Casi dos siglos antes de que echara a rodar internet, Rothschild era el más rápido de los empresarios transmitiendo información. Esa habilidad le hizo rico, a él y a la gran mayoría de sus descendientes. Hoy, 184 años después de su muerte, la saga familiar está dividida en distintas patas, pero todas acaudaladas. Y aunque los Rothschild fueron diversificando sus negocios con el avance del tiempo, se mantuvieron fieles a la práctica que prendió la chispa de la fortuna: el asesoramiento financiero de los más poderosos.
Nathan Mayer Rothschild no es el primer eslabón de la dinastía. Lo fue su abuelo, Amschel Moses Bauer, criado en el barrio judío de Fráncfort, en una familia de orfebres. Creció en la segunda mitad del siglo XVII con poco dinero, pero con una destreza especial para ganar dinero… a base de cambiarlo de manos. Instaló una casa de cambios para comprar y vender monedas, que heredaría uno de sus hijos, Mayer Amschel Rothschild. Fue él quien puso los cimientos de la futura saga, multiplicando por varios ceros la facturación de su padre. ¿El secreto? Su habilidad para el negocio y, sobre todo, para hacer contactos.
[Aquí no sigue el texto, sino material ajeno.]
lemma objF_shrink_column:
  fixes Om A S L :: "nat \<Rightarrow> nat \<Rightarrow> real"
  assumes "j < n" and "t \<le> 1" and "Om j j = 0"
    and sym: "\<forall>a<n. \<forall>b<n. Om a b = Om b a \<and> A a b = A b a \<and> L a b = L b a"
  defines "R a b \<equiv> A a b - L a b - S a b - S b a"
  shows "objF n Om A lam1 lam2 (shrink_column j t S) L = objF n Om A lam1 lam2 S L
      + t * (2 * (\<Sum>i<n. (Om i j)\<^sup>2 * S i j * R i j) + t * (\<Sum>i<n. (Om i j * S i j)\<^sup>2)
             - lam2 * L2_set (\<lambda>i. S i j) {..<n})"
proof -
  define S' where "S' = shrink_column j t S"
  define G where "G i = (Om i j)\<^sup>2 * (2 * t * S i j * R i j + t\<^sup>2 * (S i j)\<^sup>2)" for i
  have entry: "(Om a b * (A a b - L a b - S' a b - S' b a))\<^sup>2 =
      (Om a b * R a b)\<^sup>2 + (if b = j then G a else 0) + (if a = j then G b else 0)"
    if "a < n" "b < n" for a b
    using that sym \<open>Om j j = 0\<close>
    by (auto simp: S'_def shrink_column_def G_def R_def power2_eq_square algebra_simps)
  have "(\<Sum>a<n. \<Sum>b<n. (Om a b * (A a b - L a b - S' a b - S' b a))\<^sup>2) =
        (\<Sum>a<n. \<Sum>b<n. (Om a b * R a b)\<^sup>2 + (if b = j then G a else 0) + (if a = j then G b else 0))"
    by (intro sum.cong refl) (simp add: entry)
  also have "\<dots> = (\<Sum>a<n. \<Sum>b<n. (Om a b * R a b)\<^sup>2) + 2 * (\<Sum>i<n. G i)"
  proof -
    have "(\<Sum>b<n. if a = j then G b else 0) = (if a = j then \<Sum>b<n. G b else 0)" for a
      by simp
    then show ?thesis
      using \<open>j < n\<close> by (simp add: sum.distrib)
  qed
  finally have "(\<Sum>a<n. \<Sum>b<n. (Om a b * (A a b - L a b - S' a b - S' b a))\<^sup>2) =
        (\<Sum>a<n. \<Sum>b<n. (Om a b * R a b)\<^sup>2) + 2 * (\<Sum>i<n. G i)" .
  moreover have "(\<Sum>i<n. G i) = 2 * t * (\<Sum>i<n. (Om i j)\<^sup>2 * S i j * R i j) + t\<^sup>2 * (\<Sum>i<n. (Om i j * S i j)\<^sup>2)"
    by (simp add: G_def sum.distrib sum_distrib_left algebra_simps power2_eq_square)
  moreover have "objF n Om A lam1 lam2 S L =
      1/2 * (\<Sum>a<n. \<Sum>b<n. (Om a b * R a b)\<^sup>2) + lam1 * nucnorm n L + lam2 * norm21 n S"
    by (simp add: objF_def R_def)
  ultimately show ?thesis
    unfolding objF_def S'_def norm21_shrink_column[OF \<open>j < n\<close> \<open>t \<le> 1\<close>]
    by (simp add: algebra_simps power2_eq_square)
qed
(* Let $A$ be a dg algebra over a commutative ring $k$ and $x,x'$ Maurer–Cartan elements of $A$. Then $x$ and $x'$ are homotopy gauge equivalent if and only if they are $K_2$-homotopic.
   Context: A Maurer–Cartan element is $x\in A^1$ with $dx+x^2=0$. For such $x$, $A^{[x]}$ is the right dg $A$-module with underlying graded module $A$ and differential $a\mapsto da+xa$; $x,x'$ are homotopy gauge equivalent if $A^{[x]}$ and $A^{[x']}$ are homotopy equivalent right dg $A$-modules, i.e. there are closed degree-0 module maps in both directions whose composites are cohomologous to the identities in the dg Hom complexes. Let $I$ be the singular simplicial set of $[0,1]$. Let $K_2\subset I$ be the simplicial subset generated by the two affine singular 2-simplices $\Delta^2\to[0,1]$ sending the vertices $(x_0,x_1,x_2)$ to $(0,1,0)$ and to $(1,0,1)$ respectively; it has two nondegenerate simplices in each of dimensions 0, 1, 2. $K_2^*$ is its normalized cochain algebra with values in $k$ with the Alexander–Whitney product, and $ev_0,ev_1:K_2^*\to k$ are restriction to the 0-simplices $0$ and $1$. $x,x'$ are $K_2$-homotopic if there is a Maurer–Cartan element $X\in A\otimes K_2^*$ with $(\mathrm{id}_A\otimes ev_0)(X)=x$ and $(\mathrm{id}_A\otimes ev_1)(X)=x'$. *)

theory Defs
  imports "HOL-Homology.Simplices"
begin

definition sgn_mult :: "int \<Rightarrow> 'a::ring \<Rightarrow> 'a" where
  "sgn_mult n a = (if even n then a else - a)"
Le fue tan bien que acabó asesorando a empresarios y a gobernantes, empezando por el príncipe -y futuro emperador- Guillermo I de Prusia. Sus cinco hijos varones llevaban en los genes el modus operandi. También la misión de agrandar las arcas familiares, explotando lo que tan bien sabían hacer: intercambiar divisas, comprar y vender lingotes y monedas de oro, lograr financiación, aconsejar a quienes tenían mucho dinero y querían mas.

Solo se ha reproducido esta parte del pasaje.